Mortgage Vendor News & Views--July
By Scott Roller
July 8, 2019
Scott Roller founded 3W Partners LLC and is Co-Founder of Vendor Surf LLC (www.VendorSurf.com), each dedicated to revolutionizing sourcing of vendors in the mortgage and credit union ecosystems. The companies monitor and report on the service provider market to provide participants what they need to excel in today's market.
(Mortgage Vendor News & Views is a monthly feature in MBA Insights.)
In this ongoing article series, we report on mortgage and credit union vendor marketplace events and trends, and we then share our viewpoints. The theme for today's article is technology. It's an interesting juxtaposition. For decades, many have lamented about being 20-years behind other industries, yet arguably, the past 18-months (or so) have been a much different story.
We are in the midst of a Tech Blitz, a constant barrage of new technologies and applicability from long-familiar vendor names, as well as newer service providers in our space. Interestingly, many potential buyers are as uneasy as ever. Angst has shifted from having too few innovative tech options to now sifting through reams of demos, decks and due diligence tasks. Better off, yes--but angst remains.
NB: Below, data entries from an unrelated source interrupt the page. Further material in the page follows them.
lemma le_of_forall_pos_minus_mult_le:
  fixes a b c :: real
  assumes "\<And>t. 0 < t \<Longrightarrow> t \<le> 1 \<Longrightarrow> a - t * c \<le> b"
  shows "a \<le> b"
proof (rule tendsto_upperbound)
  show "((\<lambda>t. a - t * c) \<longlongrightarrow> a) (at_right 0)"
    by (auto intro!: tendsto_eq_intros)
  show "\<forall>\<^sub>F t in at_right 0. a - t * c \<le> b"
    using eventually_at_right_real[OF zero_less_one] by eventually_elim (simp add: assms)
qed simp

lemma ext_convex_minimizer_subgradient:
  fixes g :: "'a::real_inner \<Rightarrow> ereal" and \<phi> :: "'a \<Rightarrow> real"
  assumes cv: "ext_convex g" and pr: "ext_proper g" and gp: "g p \<noteq> \<infinity>"
    and min: "\<And>w. g p + ereal (\<phi> p) \<le> g w + ereal (\<phi> w)"
    and model: "\<And>t. 0 < t \<Longrightarrow> t \<le> 1 \<Longrightarrow>
                  \<phi> ((1 - t) *\<^sub>R p + t *\<^sub>R w) \<le> \<phi> p + t * inner v (w - p) + t\<^sup>2 * C"
  shows "g p + ereal (inner (- v) (w - p)) \<le> g w"
proof (cases "g w = \<infinity>")
  case False
  define gr where "gr = (\<lambda>w. real_of_ereal (g w))"
  have fin: "\<And>w. g w \<noteq> \<infinity> \<Longrightarrow> g w = ereal (gr w)"
    using ext_proper_finite[OF pr] unfolding gr_def by auto
  have "gr p - inner v (w - p) - t * C \<le> gr w" if t: "0 < t" "t \<le> 1" for t
  proof -
    define wt where "wt = (1 - t) *\<^sub>R p + t *\<^sub>R w"
    have gwt: "g wt \<noteq> \<infinity>" and conv: "gr wt \<le> (1 - t) * gr p + t * gr w"
      using ext_convex_combination[OF cv pr gp False, of t] t unfolding wt_def gr_def by auto
    have "gr p + \<phi> p \<le> gr wt + \<phi> wt"
      using min[of wt] fin[OF gp] fin[OF gwt] by simp
    with conv model[OF t] have "t * (gr p - inner v (w - p) - t * C) \<le> t * gr w"
      unfolding wt_def by (simp add: algebra_simps power2_eq_square)
    then show ?thesis
      using t by simp
  qed
  then have "gr p - inner v (w - p) \<le> gr w"
    by (rule le_of_forall_pos_minus_mult_le)
  then show ?thesis
    using fin[OF gp] fin[OF False] by simp
qed simp

lemma composite_minimizer_subgradient:
  fixes f :: "'a::real_inner \<Rightarrow> real" and g :: "'a \<Rightarrow> ereal"
  assumes grad: "\<And>x. GDERIV f x :> gf x" and lip: "L-lipschitz_on UNIV gf"
    and cv: "ext_convex g" and pr: "ext_proper g"
    and opt: "\<And>x. ereal (f xs) + g xs \<le> ereal (f x) + g x"
  shows "g xs \<noteq> \<infinity>" and "g xs + ereal (inner (- gf xs) (w - xs)) \<le> g w"
proof -
  obtain w0 where w0: "g w0 \<noteq> \<infinity>"
    using pr unfolding ext_proper_def by blast
  have "ereal (f xs) + g xs \<le> ereal (f w0) + g w0"
    by (rule opt)
  then show gxs: "g xs \<noteq> \<infinity>"
    using w0 by auto
  show "g xs + ereal (inner (- gf xs) (w - xs)) \<le> g w"
  proof (rule ext_convex_minimizer_subgradient[OF cv pr gxs])
    show "g xs + ereal (f xs) \<le> g w + ereal (f w)" for w
      using opt[of w] by (simp add: add.commute)
    fix t :: real
    assume "0 < t"
    have step: "(1 - t) *\<^sub>R xs + t *\<^sub>R w - xs = t *\<^sub>R (w - xs)"
      by (simp add: algebra_simps)
    have "(norm (t *\<^sub>R (w - xs)))\<^sup>2 = t\<^sup>2 * (norm (w - xs))\<^sup>2"
      using \<open>0 < t\<close> by (simp add: power_mult_distrib)
    then show "f ((1 - t) *\<^sub>R xs + t *\<^sub>R w) \<le> f xs + t * inner (gf xs) (w - xs) + t\<^sup>2 * (L / 2 * (norm (w - xs))\<^sup>2)"
      using lipschitz_gradient_upper_bound[OF grad lip, of "(1 - t) *\<^sub>R xs + t *\<^sub>R w" xs]
      unfolding step by (simp add: algebra_simps)
  qed
qed

text \<open>Convexity along the segment from \<open>w0\<close> to \<open>w\<close> transports the bound from the point of
  the segment at distance \<open>r / 2\<close> from \<open>w0\<close>.\<close>
lemma ext_convex_lower_bound_from_ball:
  fixes g :: "'a::real_normed_vector \<Rightarrow> ereal"
  assumes cv: "ext_convex g" and pr: "ext_proper g" and w0: "g w0 = ereal (m + 1)" and r: "0 < r"
    and near: "\<And>w. norm (w - w0) < r \<Longrightarrow> ereal m < g w"
  shows "ereal (m - 2 / r * norm (w - w0)) \<le> g w"
proof (cases "norm (w - w0) < r")
  case True
  have "ereal (m - 2 / r * norm (w - w0)) \<le> ereal m"
    using r by simp
  then show ?thesis
    using near[OF True] by (meson less_imp_le order_trans)
next
  case far: False
  show ?thesis
  proof (cases "g w = \<infinity>")
    case False
    define t where "t = r / (2 * norm (w - w0))"
    have npos: "0 < norm (w - w0)"
      using far r by linarith
    have t: "0 < t" "t \<le> 1"
      using far npos r by (auto simp: t_def field_simps)
    have "(1 - t) *\<^sub>R w0 + t *\<^sub>R w - w0 = t *\<^sub>R (w - w0)"
      by (simp add: algebra_simps)
    then have "norm ((1 - t) *\<^sub>R w0 + t *\<^sub>R w - w0) = r / 2"
      using npos r by (simp add: t_def)
    then have "ereal m < g ((1 - t) *\<^sub>R w0 + t *\<^sub>R w)"
      using r by (intro near) simp
    moreover have "g w0 \<noteq> \<infinity>"
      using w0 by simp
    note conv = ext_convex_combination[OF cv pr this False less_imp_le[OF t(1)] t(2)]
    ultimately have "m < real_of_ereal (g ((1 - t) *\<^sub>R w0 + t *\<^sub>R w))"
      by (subst (asm) ext_proper_finite[OF pr conv(1)]) simp
    then have "m < (1 - t) * (m + 1) + t * real_of_ereal (g w)"
      using conv(2) w0 by simp
    then have "m + 1 - 1 / t < real_of_ereal (g w)"
      using t(1) by (simp add: field_simps)
    moreover have "1 / t = 2 / r * norm (w - w0)"
      using npos r by (simp add: t_def)
    ultimately show ?thesis
      by (subst ext_proper_finite[OF pr False]) simp
  qed simp
qed

lemma ext_convex_lsc_lower_bound:
  fixes g :: "'a::real_normed_vector \<Rightarrow> ereal"
  assumes cv: "ext_convex g" and pr: "ext_proper g" and lsc: "ext_lsc g"
  obtains a b where "\<And>w. ereal (a - b * norm w) \<le> g w" and "0 \<le> b"
proof -
  obtain w0 where "g w0 \<noteq> \<infinity>"
    using pr unfolding ext_proper_def by blast
  define m where "m = real_of_ereal (g w0) - 1"
  have w0: "g w0 = ereal (m + 1)"
    using ext_proper_finite[OF pr \<open>g w0 \<noteq> \<infinity>\<close>] by (simp add: m_def)
  have "open (- {w. g w \<le> ereal m})"
    using lsc unfolding ext_lsc_def by blast
  moreover have "w0 \<in> - {w. g w \<le> ereal m}"
    using w0 by simp
  ultimately obtain r where r: "0 < r" "ball w0 r \<subseteq> - {w. g w \<le> ereal m}"
    using open_contains_ball by blast
  have near: "ereal m < g w" if "norm (w - w0) < r" for w
    using r(2) that by (auto simp: dist_norm norm_minus_commute)
  show thesis
  proof (rule that[of "m - 2 / r * norm w0" "2 / r"])
    show "0 \<le> 2 / r"
      using r(1) by simp
  next
    fix w
    have "2 / r * norm (w - w0) \<le> 2 / r * (norm w + norm w0)"
      using r(1) norm_triangle_ineq4[of w w0] by (intro mult_left_mono) auto
    then have "m - 2 / r * norm w0 - 2 / r * norm w \<le> m - 2 / r * norm (w - w0)"
      by (simp add: distrib_left)
    then show "ereal (m - 2 / r * norm w0 - 2 / r * norm w) \<le> g w"
      using ext_convex_lower_bound_from_ball[OF cv pr w0 r(1) near, of w]
      by (meson ereal_less_eq(3) order_trans)
  qed
qed
lemma koszul_decomp_cong:
  "koszul_decomp T1 T2 l0 l1 F \<mu> \<Longrightarrow> (\<And>x. F x = F' x) \<Longrightarrow> \<mu> = \<mu>' \<Longrightarrow> koszul_decomp T1 T2 l0 l1 F' \<mu>'"
  by (metis ext)

context
  fixes T1 T2 :: "'a::complex_inner \<Rightarrow> 'a" and l0 l1 :: complex
  assumes T1: "bounded_clinear T1" and T2: "bounded_clinear T2"
    and comm: "\<And>x. T1 (T2 x) = T2 (T1 x)"
begin

lemma in_commutant_zero: "in_commutant T1 T2 (\<lambda>x. 0)"
  by (simp add: in_commutant_def bounded_clinear_const0 bounded_clinear_zero[OF T1] bounded_clinear_zero[OF T2])

lemma in_commutant_T1: "in_commutant T1 T2 T1"
  by (simp add: in_commutant_def T1 comm)

lemma in_commutant_T2: "in_commutant T1 T2 T2"
  by (simp add: in_commutant_def T2 comm)

lemma in_commutant_add: "in_commutant T1 T2 G \<Longrightarrow> in_commutant T1 T2 H \<Longrightarrow> in_commutant T1 T2 (\<lambda>x. G x + H x)"
  by (simp add: in_commutant_def bounded_clinear_add_fun bounded_clinear_add[OF T1] bounded_clinear_add[OF T2])

lemma in_commutant_scaleC: "in_commutant T1 T2 G \<Longrightarrow> in_commutant T1 T2 (\<lambda>x. scaleC k (G x))"
  by (simp add: in_commutant_def bounded_clinear_scaleC_fun bounded_clinear_scaleC[OF T1]
      bounded_clinear_scaleC[OF T2])

lemma in_commutant_compose: "in_commutant T1 T2 G \<Longrightarrow> in_commutant T1 T2 H \<Longrightarrow> in_commutant T1 T2 (\<lambda>x. G (H x))"
  by (simp add: in_commutant_def bounded_clinear_compose)

lemma koszul_decomp_id: "koszul_decomp T1 T2 l0 l1 (\<lambda>x. x) 1"
  unfolding koszul_decomp_def
  by (intro exI[of _ "\<lambda>x. 0"] conjI allI in_commutant_zero)
     (simp add: shift_op_def bounded_clinear_zero[OF T1] bounded_clinear_zero[OF T2] scaleC_one)

lemma koszul_decomp_zero: "koszul_decomp T1 T2 l0 l1 (\<lambda>x. 0) 0"
  unfolding koszul_decomp_def
  by (intro exI[of _ "\<lambda>x. 0"] conjI allI in_commutant_zero)
     (simp add: shift_op_def bounded_clinear_zero[OF T1] bounded_clinear_zero[OF T2])

lemma koszul_decomp_add:
  assumes "koszul_decomp T1 T2 l0 l1 F \<mu>" "koszul_decomp T1 T2 l0 l1 F' \<mu>'"
  shows "koszul_decomp T1 T2 l0 l1 (\<lambda>x. F x + F' x) (\<mu> + \<mu>')"
proof -
  obtain G0 G1 H0 H1 where G: "in_commutant T1 T2 G0" "in_commutant T1 T2 G1"
    "\<And>x. shift_op F \<mu> x = shift_op T1 l0 (G0 x) + shift_op T2 l1 (G1 x)"
    and H: "in_commutant T1 T2 H0" "in_commutant T1 T2 H1"
    "\<And>x. shift_op F' \<mu>' x = shift_op T1 l0 (H0 x) + shift_op T2 l1 (H1 x)"
    using assms unfolding koszul_decomp_def by blast
  have "shift_op (\<lambda>x. F x + F' x) (\<mu> + \<mu>') x = shift_op F \<mu> x + shift_op F' \<mu>' x" for x
    by (simp add: shift_op_def scaleC_add_left algebra_simps)
  then have "shift_op (\<lambda>x. F x + F' x) (\<mu> + \<mu>') x
      = shift_op T1 l0 (G0 x + H0 x) + shift_op T2 l1 (G1 x + H1 x)" for x
    by (simp add: G(3) H(3) shift_op_add[OF T1] shift_op_add[OF T2] algebra_simps)
  with G H show ?thesis
    unfolding koszul_decomp_def
    by (intro exI[of _ "\<lambda>x. G0 x + H0 x"] exI[of _ "\<lambda>x. G1 x + H1 x"] conjI allI in_commutant_add) simp_all
qed
lemma eventually_in_Vset:
  assumes "\<alpha> \<in> Vset \<beta> f l n m"
  shows "\<forall>\<^sub>F x in nhds \<alpha>. x \<notin> \<rat> \<longrightarrow> x \<in> Vset \<beta> f l n m"
proof -
  have "\<alpha> \<notin> \<rat>"
    using assms by (simp add: Vset_def)
  then have "\<forall>\<^sub>F x in nhds \<alpha>. cf_den x n = cf_den \<alpha> n \<and> cf_den x (Suc n) = cf_den \<alpha> (Suc n)"
    by (intro eventually_conj eventually_cf_den_eq)
  then show ?thesis
    by (rule eventually_mono) (use assms in \<open>simp add: Vset_def\<close>)
qed

lemma eventually_in_Uj_tail:
  assumes "\<alpha> \<in> (\<Union>j\<in>{M..}. Uj \<beta> f l j)"
  shows "\<forall>\<^sub>F x in nhds \<alpha>. x \<notin> \<rat> \<longrightarrow> x \<in> (\<Union>j\<in>{M..}. Uj \<beta> f l j)"
proof -
  obtain j n where jn: "M \<le> j" "1 \<le> n" "\<alpha> \<in> Vset \<beta> f l n j"
    using assms by (auto simp: Uj_def)
  show ?thesis
    using eventually_in_Vset[OF jn(3)] by (rule eventually_mono) (use jn in \<open>auto simp: Uj_def\<close>)
qed

lemma Uj_tail_irrational: "(\<Union>j\<in>{M..}. Uj \<beta> f l j) \<inter> \<rat> = {}"
  by (auto simp: Uj_def Vset_def)

lemma self_le_strict_mono_from_one:
  fixes l :: "nat \<Rightarrow> nat"
  assumes "\<And>k. k \<ge> 1 \<Longrightarrow> 0 < l k" "\<And>k. k \<ge> 1 \<Longrightarrow> l k < l (Suc k)" "1 \<le> j"
  shows "j \<le> l j"
  using assms(3)
proof (induction j rule: dec_induct)
  case base
  then show ?case using assms(1)[of 1] by simp
next
  case (step j)
  then show ?case using assms(2)[of j] by simp
qed

lemma exists_Vset_near_fraction:
  fixes m :: int
  assumes "1 \<le> l j" "coprime m (int (l j))" "0 < \<epsilon>"
  shows "\<exists>\<alpha> n. 1 \<le> n \<and> \<alpha> \<in> Vset \<beta> f l n j \<and> \<bar>\<alpha> - m / l j\<bar> < \<epsilon>"
proof -
  define q where "q = cf_den \<beta> (eta \<beta> f l j)"
  obtain \<alpha> n where \<alpha>: "\<alpha> \<notin> \<rat>" "\<bar>\<alpha> - m / l j\<bar> < \<epsilon>" "1 \<le> n" "n \<le> l j"
    "cf_den \<alpha> n = l j" "2 * \<bar>real_of_int q\<bar> * real (l j) ^ 2 < cf_den \<alpha> (Suc n)"
    using exists_irrational_with_convergent_denominator[OF assms] by blast
  have "2 * real_of_int q * real n ^ 2 \<le> 2 * \<bar>real_of_int q\<bar> * real (l j) ^ 2"
    using \<alpha>(4) by (rule_tac mult_mono) (auto simp: power_mono)
  then have "real_of_int (2 * q * int n ^ 2) < cf_den \<alpha> (Suc n)"
    using \<alpha>(6) by simp
  then have "2 * q * int n ^ 2 < cf_den \<alpha> (Suc n)"
    by (simp only: of_int_less_iff)
  then have "\<alpha> \<in> Vset \<beta> f l n j"
    using \<alpha> by (simp add: Vset_def q_def)
  then show ?thesis
    using \<alpha>(2,3) by blast
qed
lemma prob_round1_success_ge:
  fixes \<epsilon> :: real
  assumes "\<epsilon> \<le> 1/10" "1 \<le> ln (real n)" "2 * ln (real n) / real n \<le> 1"
    and "B1 \<subseteq> {..<n}" "B2 \<subseteq> {..<n}"
    and "real (card B1) \<le> \<epsilon> * real n" "real (card B2) \<le> \<epsilon> * real n"
  shows "1 - (exp (-(9/5) * ln (real n)) + (4 * ln (real n) + 1) ^ 2 / real n
              + exp (-(4/3) * ln (real n)))
         \<le> measure_pmf.prob (round1_pmf n 2 4)
              {(act, tg). senders n B1 act \<noteq> {} \<and> ln (real n) \<le> real (sigma1 n 4 inp B1 B2 act tg)}"
proof -
  let ?M = "round1_pmf n 2 4"
  let ?fail = "{(act, tg). senders n B1 act = {} \<or> sigma1 n 4 inp B1 B2 act tg \<le> num_targets n 4 div 2}"
  let ?success = "{(act, tg). senders n B1 act \<noteq> {} \<and> ln (real n) \<le> real (sigma1 n 4 inp B1 B2 act tg)}"
  have "ln (real n) \<le> real s" if "num_targets n 4 div 2 < s" for s
  proof -
    have "num_targets n 4 < 2 * s"
      using that by arith
    moreover have "4 * ln (real n) \<le> real (num_targets n 4)"
      unfolding num_targets_def by linarith
    ultimately show ?thesis
      using assms(2) by linarith
  qed
  then have "UNIV - ?fail \<subseteq> ?success"
    by (auto simp: not_le)
  then have "measure_pmf.prob ?M (UNIV - ?fail) \<le> measure_pmf.prob ?M ?success"
    by (intro measure_pmf.finite_measure_mono) auto
  moreover have "measure_pmf.prob ?M (UNIV - ?fail) = 1 - measure_pmf.prob ?M ?fail"
    using measure_pmf.prob_compl[of ?fail ?M] by simp
  ultimately show ?thesis
    using prob_round1_failure_le_log[OF assms, of inp] by linarith
qed

lemma round1_bounds_eventually:
  "eventually (\<lambda>n. 1 \<le> ln (real n) \<and> 2 * ln (real n) / real n \<le> 1 \<and>
     exp (-(9/5) * ln (real n)) + (4 * ln (real n) + 1)^2 / real n + exp (-(4/3) * ln (real n))
       \<le> real n powr (- (1/4))) sequentially"
  by (intro eventually_conj; real_asymp)

theorem lemma12:
  fixes \<epsilon> :: real
  assumes "0 \<le> \<epsilon>" and "\<epsilon> \<le> 1/10"
  shows "\<forall>d::nat. \<exists>c1 c2 \<delta> k :: real. c1 > 0 \<and> c2 > 0 \<and> \<delta> > 0 \<and> k > 0 \<and>
    (\<exists>N::nat. \<forall>n \<ge> N. \<forall>(inp :: nat \<Rightarrow> nat) (B1 :: nat set) (B2 :: nat set).
       (\<forall>v < n. inp v < n ^ d) \<longrightarrow>
       B1 \<subseteq> {..<n} \<longrightarrow> B2 \<subseteq> {..<n} \<longrightarrow>
       real (card B1) \<le> \<epsilon> * real n \<longrightarrow> real (card B2) \<le> \<epsilon> * real n \<longrightarrow>
       measure_pmf.prob (round1_pmf n c1 c2)
         {(act, tg). senders n B1 act \<noteq> {} \<and>
                     real (sigma1 n c2 inp B1 B2 act tg) \<ge> \<delta> * ln (real n)}
       \<ge> 1 - real n powr (-k))"
proof -
  obtain N where N: "\<And>n. N \<le> n \<Longrightarrow> 1 \<le> ln (real n) \<and> 2 * ln (real n) / real n \<le> 1 \<and>
      exp (-(9/5) * ln (real n)) + (4 * ln (real n) + 1)^2 / real n + exp (-(4/3) * ln (real n))
        \<le> real n powr (- (1/4))"
    using round1_bounds_eventually unfolding eventually_sequentially by blast
  have success: "1 - real n powr (- (1/4)) \<le> measure_pmf.prob (round1_pmf n 2 4)
      {(act, tg). senders n B1 act \<noteq> {} \<and> 1 * ln (real n) \<le> real (sigma1 n 4 inp B1 B2 act tg)}"
    if "N \<le> n" "B1 \<subseteq> {..<n}" "B2 \<subseteq> {..<n}"
      "real (card B1) \<le> \<epsilon> * real n" "real (card B2) \<le> \<epsilon> * real n" for n inp B1 B2
    using prob_round1_success_ge[OF assms(2) _ _ that(2-5), of inp] N[OF that(1)] by simp
  show ?thesis
    by (intro allI exI[of _ "2::real"] exI[of _ "4::real"] exI[of _ "1::real"] exI[of _ "1/4::real"]
        conjI exI[of _ N]) (use success in auto)
qed

end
Simply put, there is a sense of being overwhelmed and confused, causing a delay in action.
We have spent much of the past year trying to assess key technology options, implementations and the impacts of such deployments. Here are some conclusions:
Options are Great--Adoption is Not
There is something for everyone. Regardless of your size, budget or in-house expertise, the following technologies can be deployed a-la-carte or in coordination: Robotic Process Automation, Machine Learning, Artificial Intelligence and Blockchain. The least understood and deployed is Blockchain, yet it is often touted as the one with most potential to disrupt, especially across the title insurance domain.
A handful of industry participants are investing heavily in several of these technologies. Some have invested tens of millions in innovation labs, tech acquisitions and have hired a stream of brilliant minds out of Silicon Valley. Major venture capital is flowing here too, suggesting some long-term staying power.
The stark reality seems to be that many organizations are passively waiting for less confusion and more mainstream deployment successes. Adoption is slow. And, it's no wonder, when you glance at the selection of recent headlines below:
Intelligent Lending: The Rise of AI
AI Hype Creates "Wicked" Consumer Financial Protection Problems
How AI and RPA Can Help Lenders Process
RPA is Dead...Long Live the Integrated Automation Platform
In early June, we attended a Digital Mortgage Symposium in the Dallas metro area, held by industry icon Tata Consultancy Services. The private event was attended by some of the largest lenders, servicers and vendors, each at various stages of digitization. The dialog was rich and forthcoming, with a genuine intent to share best practices, use cases, advice and lessons learned--even among competitors in the room.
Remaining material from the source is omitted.